Storing Volatile Gasses: Putting Safety First

The old cliché goes that what’s good for morality and profitability in business rarely align. While honest business practices have shown us that this is far from true, there is one area in which doing the right thing is undoubtedly good for business, even to the sinister cynic: ensuring the safety of the work environment. Time lost due to incidents, along with any liability, has a very real impact on the bottom line: just ask any coal mining CEO. While high-tech production is not generally thought of as a dangerous job, there are very real risks involving the use of volatile gasses – risks that should be minimized for the good employees and the smooth, on-time operation of production lines.

One of the single-most effective and inexpensive ways to reduce risk in high-tech and semiconductor production is to ensure that all volatile gasses are used and stored properly. A surprising portion of incidents involving the use of dangerous gasses in clean-room environments can actually be traced back to issues in storage. Haphazard storage practices can cause warping in O-rings, valves and seals that manifest themselves in leaks or contamination. And a lousy storage environment can turn any small defect into a serious hazard if proper sensors and fire equipment are not in place to quickly quash any issue. Investing in gas cylinder storage is therefore an investment in insurance that has a high return in piece of mind and in real dollar terms, considering the low cost of storage cabinets and racks or of setting up a larger storage facility versus the cost of any incident. Good storage practices even reduce insurance premiums for larger facilities because they are so effective at lowering the chance of incident.

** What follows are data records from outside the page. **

definition covD ::
  "(complex ^ 'n::finite) set \<Rightarrow> ('n lat \<Rightarrow> 'n lat \<Rightarrow> int) \<Rightarrow> ('n lat \<Rightarrow> 'n ser) \<Rightarrow> ('k::finite \<Rightarrow> 'n lat)
     \<Rightarrow> 'k \<Rightarrow> 'k \<Rightarrow> 'n form1" where
  "covD U B f a j i =
     form_sub
       (form_add (dser (Vmat B f a j i))
                 (form_sum (\<lambda>k. form_multr (Amat U B f a j k) (Vmat B f a k i)) UNIV))
       (form_sum (\<lambda>k. form_smult (Vmat B f a j k) (Amat U B f a k i)) UNIV)"

end

theory Submission
  imports Defs
begin

(* Only the terms k \<notin> {i, j} of AV - VA survive, and together they contribute
   (dlog Z(a_j - a_k) - dlog Z(a_k - a_i)) V_jk V_ki.
   If len(a_j - a_i) \<ge> p, then f^(a_j - a_i) and, by the triangle inequality for len, all
   products f^(a_j - a_k) f^(a_k - a_i) lie in (s)^p, so everything vanishes below degree p.
   Otherwise the Joyce PDE expresses d f^(a_j - a_i) as a sum over splittings; below degree p
   only the splittings (a_j - a_k, a_k - a_i) and their swaps survive by (V), and these are
   pairwise distinct by linear independence. Condition (Q) is exactly the sign identity
   V_ji (-1)^b b = V_jk V_ki with b = <a_j - a_k, a_k - a_i>, so the two contributions cancel. *)

subsection \<open>Formal power series with holomorphic coefficients\<close>

lemma finite_monomials_le: "finite {a::'n::finite mono. \<forall>i. a i \<le> m i}"
proof -
  have "{a::'n mono. \<forall>i. a i \<le> m i} = PiE UNIV (\<lambda>i. {..m i})"
    by (auto simp: PiE_def Pi_def extensional_def)
  then show ?thesis by (simp add: finite_PiE)
qed

lemma deg_add_diff: "\<forall>i. a i \<le> m i \<Longrightarrow> deg a + deg (m - a) = deg (m :: 'n::finite mono)"
  unfolding deg_def by (simp add: sum.distrib[symmetric])
(* Let $\mathbbm k$ be an algebraically closed field, $n\ge1$ with $\mathrm{char}\,\mathbbm k\nmid 2n$, $a\in\mathbb Z/n$ with $a^2\equiv1\pmod n$, $m\in\mathbb Z/n$ with $(1-a)m\equiv0$, and $G=G_{n,a,m}$, acting trivially on $\mathbbm k^\times$. Let $d_\pm=\gcd(a\pm1,n)$. Then $$\mathrm H^2(G,\mathbbm k^\times)\cong\begin{cases}0&\text{if }d_-d_+=n\text{ or }G\text{ is non-split},\\ \mathbb Z/2&\text{if }d_-d_+=2n\text{ and }G\text{ is split}.\end{cases}$$ Consequently, for a stacky curve $\mathcal C$ over $\mathbbm k$, a doubly-twisted node with stabilizer $G$ contributes this group as a direct summand of $\mathrm H^2(\mathcal C,\mathbb G_m)$; in particular $\mathrm H^2([\operatorname{Spec}\mathbbm k[x,y]/(xy)\,/\,\mu_n\rtimes\mathbb Z/2],\mathbb G_m)=\mathbb Z/2$ when $d_-d_+=2n$ (e.g. $a=-1$).
   Context: $G_{n,a,m}$ is the group generated by $t,\sigma$ with relations $t^n=1$, $\sigma t\sigma^{-1}=t^a$, $\sigma^2=t^m$ (an extension of $\mathbb Z/2$ by $\mu_n\cong\langle t\rangle$); $G$ is split if it is isomorphic to the semidirect product $\mu_n\rtimes\mathbb Z/2$ (equivalently $\gcd(a+1,n)\mid m$). The Brauer-type group of a stacky curve $\mathcal C$ (tame, proper, geometrically integral one-dimensional DM stack with trivial generic stabilizer over algebraically closed $\mathbbm k$) is $\mathrm H^2(\mathcal C,\mathbb G_m)=\bigoplus_i\mathrm H^2(G_i,\mathbbm k^\times)$ over the singular points $p_i$ of $\mathcal C_{\mathrm{red}}$ with geometric stabilizers $G_i$ acting trivially. A doubly-twisted node is a node étale locally of the form $[\operatorname{Spec}R/G]$ with $\mu_n\subset G$ acting by $(x,y)\mapsto(\zeta_nx,\zeta_n^ay)$ and elements outside $\mu_n$ interchanging the two branches of $xy=0$. *)

theory Defs
  imports "HOL-Algebra.Algebra" "HOL-Computational_Algebra.Polynomial"
begin

definition alg_closed :: "'k::field itself \<Rightarrow> bool" where
  "alg_closed _ \<longleftrightarrow> (\<forall>p::'k poly. degree p \<ge> 1 \<longrightarrow> (\<exists>x. poly p x = 0))"

text \<open>The group G_{n,a,m}: elements (i,e) stand for t^i sigma^e, 0 \<le> i < n, e \<in> {0,1};
  multiplication t^i sigma^e t^j sigma^f = t^(i + a^e j) sigma^(e+f), with sigma^2 = t^m.\<close>
definition Gnam_mult :: "nat \<Rightarrow> int \<Rightarrow> int \<Rightarrow> int \<times> int \<Rightarrow> int \<times> int \<Rightarrow> int \<times> int" where
  "Gnam_mult n a m x y =
     ((fst x + (if snd x = 1 then a else 1) * fst y
         + (if snd x = 1 \<and> snd y = 1 then m else 0)) mod int n,
      (snd x + snd y) mod 2)"

definition Gnam_carrier :: "nat \<Rightarrow> (int \<times> int) set" where
  "Gnam_carrier n = {0..<int n} \<times> {0, 1}"

definition Gnam :: "nat \<Rightarrow> int \<Rightarrow> int \<Rightarrow> (int \<times> int) monoid" where
  "Gnam n a m = \<lparr> carrier = Gnam_carrier n, monoid.mult = Gnam_mult n a m, one = (0, 0) \<rparr>"

text \<open>G is split iff it is isomorphic to the semidirect product mu_n \<rtimes> Z/2 = G_{n,a,0}.\<close>
definition Gnam_split :: "nat \<Rightarrow> int \<Rightarrow> int \<Rightarrow> bool" where
  "Gnam_split n a m \<longleftrightarrow> Gnam n a m \<cong> Gnam n a 0"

Gas cabinets provide one good solution for gas cylinder storage when they are to be used for production. While it is inadvisable for any manufacturer to carry a large inventory of cylinders of the dangerous gasses used in production, inventory that isn’t being used in production can and should be stored in a cabinet similar to those used in production: a cabinet with good leak protection, leak sensors, and built in fire safety equipment that can quickly extinguish whatever problem might arise. Cylinders of the most volatile gasses should also be kept in an area not unlike the clean-room environment, where dust and other contaminants are unlikely to interfere at critical connection points, and where temperature is unlikely to have any material effect on the metal that comprises the cylinder and any regulators of manifolds that are kept with it.